Der dritte Punkt, von dem wir meinen, daß er ein wichtiges Instrumentarium wäre, ist eine ganzheitliche Leistungsbeurteilung statt der Ziffernnoten. Ich weiß schon, da kommen dann auch wieder – die Kollegin Rauch-Kallat hat das sofort getan – diese Reflexe. Es sind nämlich keine Argumente, sondern nur Reflexe. Sie tun geradezu so, als wäre das nivellierend, als würde man damit eine Leistungsbeurteilung überhaupt unmöglich machen. Genau das Gegenteil ist der Fall! Wenn Sie sich je damit auseinandergesetzt und Studien darüber gelesen haben, werden Sie gemerkt haben, daß dieses Ziffernsystem von 1 bis 5, von unterschiedlichen Lehrern gebraucht, völlig unterschiedliche Ergebnisse bringt und daß daher eine scheinbar objektivierte Vergleichbarkeit überhaupt nicht gegeben ist, und zwar selbst in Gegenständen wie Mathematik.

Ich gestehe ehrlich: Ich hätte mir das gar nicht vorstellen können. Meine Vorstellungswelt war so, daß ich mir gedacht habe, in Deutsch kann es schon sein, daß unterschiedlich beurteilt wird.

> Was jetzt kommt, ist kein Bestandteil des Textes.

(* Let $\mathcal{I}\in\mathrm{Ins}(\Omega,\mathcal{H},\mathcal{K})$ be an indecomposable instrument. Then every instrument $\mathcal{J}\in\mathrm{Ins}(\Lambda,\mathcal{H},\mathcal{V})$ that is compatible with $\mathcal{I}$ is of the form $\mathcal{J}_y(\varrho)=\sum_{x\in\Omega}\mathrm{tr}[\nu_{xy}\mathsf{A}^{\mathcal{I}}(x)\varrho]\,\xi_{xy}$ for all $y\in\Lambda$ and states $\varrho$, for some family of states $\{\xi_{xy}\}_{x\in\Omega,y\in\Lambda}$ on $\mathcal{V}$ and some stochastic matrix $\nu=(\nu_{xy})_{x\in\Omega,y\in\Lambda}$ (i.e. $\nu_{xy}\ge 0$ and $\sum_y\nu_{xy}=1$ for all $x$).
   Context: All Hilbert spaces are finite-dimensional and complex, and all outcome sets are finite. An instrument $\mathcal{I}\in\mathrm{Ins}(\Omega,\mathcal{H},\mathcal{K})$ is a family $(\mathcal{I}_x)_{x\in\Omega}$ of completely positive trace-nonincreasing linear maps $\mathcal{L}(\mathcal{H})\to\mathcal{L}(\mathcal{K})$ whose sum is trace preserving; its induced POVM is given by $\mathrm{tr}[\mathsf{A}^{\mathcal{I}}(x)\varrho]=\mathrm{tr}[\mathcal{I}_x(\varrho)]$. $\mathcal{I}$ is indecomposable if each nonzero $\mathcal{I}_x$ has Kraus rank 1, i.e. $\mathcal{I}_x(\varrho)=K_x\varrho K_x^*$ for some operator $K_x:\mathcal{H}\to\mathcal{K}$. Two instruments $\mathcal{I}\in\mathrm{Ins}(\Omega,\mathcal{H},\mathcal{K})$, $\mathcal{J}\in\mathrm{Ins}(\Lambda,\mathcal{H},\mathcal{V})$ are compatible if there is $\mathcal{G}\in\mathrm{Ins}(\Omega\times\Lambda,\mathcal{H},\mathcal{K}\otimes\mathcal{V})$ with $\sum_{x}\mathrm{tr}_{\mathcal{K}}[\mathcal{G}_{(x,y)}(\varrho)]=\mathcal{J}_y(\varrho)$ for all $y$ and $\sum_y\mathrm{tr}_{\mathcal{V}}[\mathcal{G}_{(x,y)}(\varrho)]=\mathcal{I}_x(\varrho)$ for all $x$, for all states $\varrho$. *)

theory Defs
  imports Complex_Main "HOL-Library.Function_Algebras"
begin

text \<open>Finite-dimensional Hilbert spaces are modelled as l2 over a finite index type;
  an operator from C^'a to C^'b is a matrix 'b => 'a => complex (w.r.t. the standard basis).
  The tensor product K (x) V is indexed by the product type 'k * 'v.\<close>

type_synonym ('b, 'a) lmat = "'b \<Rightarrow> 'a \<Rightarrow> complex"

definition op_trace :: "('a::finite, 'a) lmat \<Rightarrow> complex" where
  "op_trace M = (\<Sum>i\<in>UNIV. M i i)"

definition op_mult :: "('c, 'b::finite) lmat \<Rightarrow> ('b, 'a) lmat \<Rightarrow> ('c, 'a) lmat" where
  "op_mult A B = (\<lambda>i j. \<Sum>k\<in>UNIV. A i k * B k j)"

definition op_scale :: "complex \<Rightarrow> ('b, 'a) lmat \<Rightarrow> ('b, 'a) lmat" where
  "op_scale c A = (\<lambda>i j. c * A i j)"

Aber nein, auch in Gegenständen, für die – scheinbar – klare Kriterien vorliegen, findet man unterschiedliche Beurteilungen von unterschiedlichen Lehrern in der Notenskala zwischen 1 und 5. – Also kommen Sie nicht mit dem Argument, daß da eine Vergleichbarkeit gegeben wäre, hingegen bei einer verbalen Beurteilung nicht. Ganz im Gegenteil! Bei einer umfassenderen Leistungsbeurteilung, die ja nicht nur die verbale an sich ist, sondern die zum Beispiel durch Pensenbücher – diejenigen, die sich damit befaßt haben, werden wissen, was das ist –, durch direkte Leistungsvorlage stattfindet, gibt es sowohl den Leistungsanreiz bei Schülerinnen und Schülern als auch dann das Bereitsein für den Arbeitsmarkt.

Im übrigen gibt es heute kaum mehr ein größeres Unternehmen, das sich auf ein Zeugnis mit irgendwelchen Ziffern verläßt, sondern selbstverständlich auch Tests durchführt. Die Frage ist, ob man sich das dann nicht ersparen könnte, wenn man aufgrund einer solchen Leistungsbeurteilung bereits eine Grundlage hätte. Eine derartige ganzheitliche Leistungsbeurteilung ist unserer Meinung nach ein ganz wesentlicher Schlüssel, um auch einen anderen Geist in das Schulwesen hineinzubringen. (Beifall beim Liberalen Forum.)

Der verstärkte Einsatz neuer Medien im Unterrichtswesen sollte eine Selbstverständlichkeit sein; etwas, was allerdings nicht durchgeführt wird. Daß eine engere Verzahnung zwischen Schule und Wirtschaft notwendig ist, wird wohl niemand bestreiten. Nur: Es genügt nicht, das zu sagen, sondern es ist auch notwendig, die entsprechenden Maßnahmen dafür zu ergreifen.